#### DATASET ENTRIES ####

lemma compact_banach_lattice_ball:
  assumes "banach_lattice N"
  shows "compact {v::complex^'n. N (vec_nth v) \<le> 1}"
proof (rule compact_eq_bounded_closed[THEN iffD2], rule conjI)
  have "norm v \<le> (\<Sum>k\<in>UNIV. 1 / N (unit_vec k))" if "N (vec_nth v) \<le> 1" for v :: "complex^'n"
  proof -
    have "norm v \<le> (\<Sum>k\<in>UNIV. norm (v$k))"
      unfolding norm_vec_def by (rule L2_set_le_sum) simp
    also have "\<dots> \<le> (\<Sum>k\<in>UNIV. 1 / N (unit_vec k))"
      using banach_lattice_ball_coord_le[OF assms that] by (intro sum_mono) simp
    finally show ?thesis .
  qed
  then show "bounded {v::complex^'n. N (vec_nth v) \<le> 1}"
    unfolding bounded_iff by blast
  show "closed {v::complex^'n. N (vec_nth v) \<le> 1}"
    by (rule closed_Collect_le[OF continuous_on_cnorm[OF banach_lattice_is_cnorm[OF assms]]]) simp
qed

section \<open>The Koethe dual of a Banach lattice\<close>

lemma kothe_dual_upper:
  assumes "banach_lattice N" and "N y \<le> 1"
  shows "(\<Sum>k\<in>UNIV. cmod (x k * y k)) \<le> kothe_dual N x"
  unfolding kothe_dual_def
proof (rule cSup_upper)
  show "bdd_above {\<Sum>k\<in>UNIV. cmod (x k * y k) |y. N y \<le> 1}"
  proof (rule bdd_aboveI, clarify)
    fix y' assume "N y' \<le> 1"
    then have "cmod (y' k) \<le> 1 / N (unit_vec k)" for k
      by (rule banach_lattice_ball_coord_le[OF assms(1)])
    then show "(\<Sum>k\<in>UNIV. cmod (x k * y' k)) \<le> (\<Sum>k\<in>UNIV. cmod (x k) * (1 / N (unit_vec k)))"
      unfolding norm_mult by (intro sum_mono mult_left_mono) simp_all
  qed
qed (use assms(2) in blast)

lemma kothe_dual_least:
  assumes "is_cnorm N" and "\<And>y. N y \<le> 1 \<Longrightarrow> (\<Sum>k\<in>UNIV. cmod (x k * y k)) \<le> b"
  shows "kothe_dual N x \<le> b"
  unfolding kothe_dual_def
proof (rule cSup_least)
  show "{\<Sum>k\<in>UNIV. cmod (x k * y k) |y. N y \<le> 1} \<noteq> {}"
    using cnorm_zero[OF assms(1)] by (auto intro!: exI[of _ "\<lambda>_. 0"])
qed (auto intro: assms(2))

lemma kothe_dual_nonneg: "banach_lattice N \<Longrightarrow> 0 \<le> kothe_dual N x"
  using kothe_dual_upper[of N "\<lambda>_. 0" x] by (simp add: cnorm_zero banach_lattice_is_cnorm)

lemma kothe_dual_eq_0_iff:
  assumes bl: "banach_lattice N"
  shows "kothe_dual N x = 0 \<longleftrightarrow> x = (\<lambda>_. 0)"
proof
  have N: "is_cnorm N" by (rule banach_lattice_is_cnorm[OF bl])
  assume dual0: "kothe_dual N x = 0"
  show "x = (\<lambda>_. 0)"
  proof (rule ccontr)
    assume "x \<noteq> (\<lambda>_. 0)"
    then obtain k where "x k \<noteq> 0" by auto
    define e where "e = N (unit_vec k)"
    have e: "0 < e" unfolding e_def by (rule cnorm_unit_vec_pos[OF N])
    have "N (\<lambda>i. complex_of_real (1 / e) * unit_vec k i) = 1 / e * e"
      unfolding e_def using e by (intro cnorm_scale_real[OF N]) (simp add: e_def)
    also have "\<dots> = 1" using e by simp
    finally have "(\<Sum>i\<in>UNIV. cmod (x i * (complex_of_real (1 / e) * unit_vec k i))) \<le> 0"
      using kothe_dual_upper[OF bl, of "\<lambda>i. complex_of_real (1 / e) * unit_vec k i" x] dual0 by simp
    moreover have "(\<Sum>i\<in>UNIV. cmod (x i * (complex_of_real (1 / e) * unit_vec k i))) = cmod (x k) / e"
      using e by (simp add: unit_vec_def norm_mult norm_divide if_distrib cong: if_cong)
    ultimately show False using e \<open>x k \<noteq> 0\<close> by (simp add: divide_le_0_iff)
  qed
next
  assume "x = (\<lambda>_. 0)"
  then show "kothe_dual N x = 0"
    using kothe_dual_least[OF banach_lattice_is_cnorm[OF bl], of x 0] kothe_dual_nonneg[OF bl, of x]
    by simp
qed

lemma kothe_dual_scale:
  assumes bl: "banach_lattice N"
  shows "kothe_dual N (\<lambda>k. c * x k) = cmod c * kothe_dual N x"
proof (rule antisym)
  have N: "is_cnorm N" by (rule banach_lattice_is_cnorm[OF bl])
  show "kothe_dual N (\<lambda>k. c * x k) \<le> cmod c * kothe_dual N x"
  proof (rule kothe_dual_least[OF N])
    fix y assume "N y \<le> 1"
    then have "cmod c * (\<Sum>k\<in>UNIV. cmod (x k * y k)) \<le> cmod c * kothe_dual N x"
      by (intro mult_left_mono kothe_dual_upper[OF bl]) simp_all
    then show "(\<Sum>k\<in>UNIV. cmod (c * x k * y k)) \<le> cmod c * kothe_dual N x"
      by (simp add: norm_mult sum_distrib_left mult.assoc)
  qed
  show "cmod c * kothe_dual N x \<le> kothe_dual N (\<lambda>k. c * x k)"
  proof (cases "c = 0")
    case True
    then show ?thesis using kothe_dual_nonneg[OF bl] by simp
  next
    case False
    have "kothe_dual N x \<le> kothe_dual N (\<lambda>k. c * x k) / cmod c"
    proof (rule kothe_dual_least[OF N])
      fix y assume "N y \<le> 1"
      then have "(\<Sum>k\<in>UNIV. cmod (c * x k * y k)) \<le> kothe_dual N (\<lambda>k. c * x k)"
        by (rule kothe_dual_upper[OF bl])
      then show "(\<Sum>k\<in>UNIV. cmod (x k * y k)) \<le> kothe_dual N (\<lambda>k. c * x k) / cmod c"
        using False by (simp add: norm_mult mult.assoc sum_distrib_left[symmetric] field_simps)
    qed
    then show ?thesis using False by (simp add: field_simps)
  qed
qed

####

Your reply should consist of one number: how many lines in the entries contain the string "proof".

11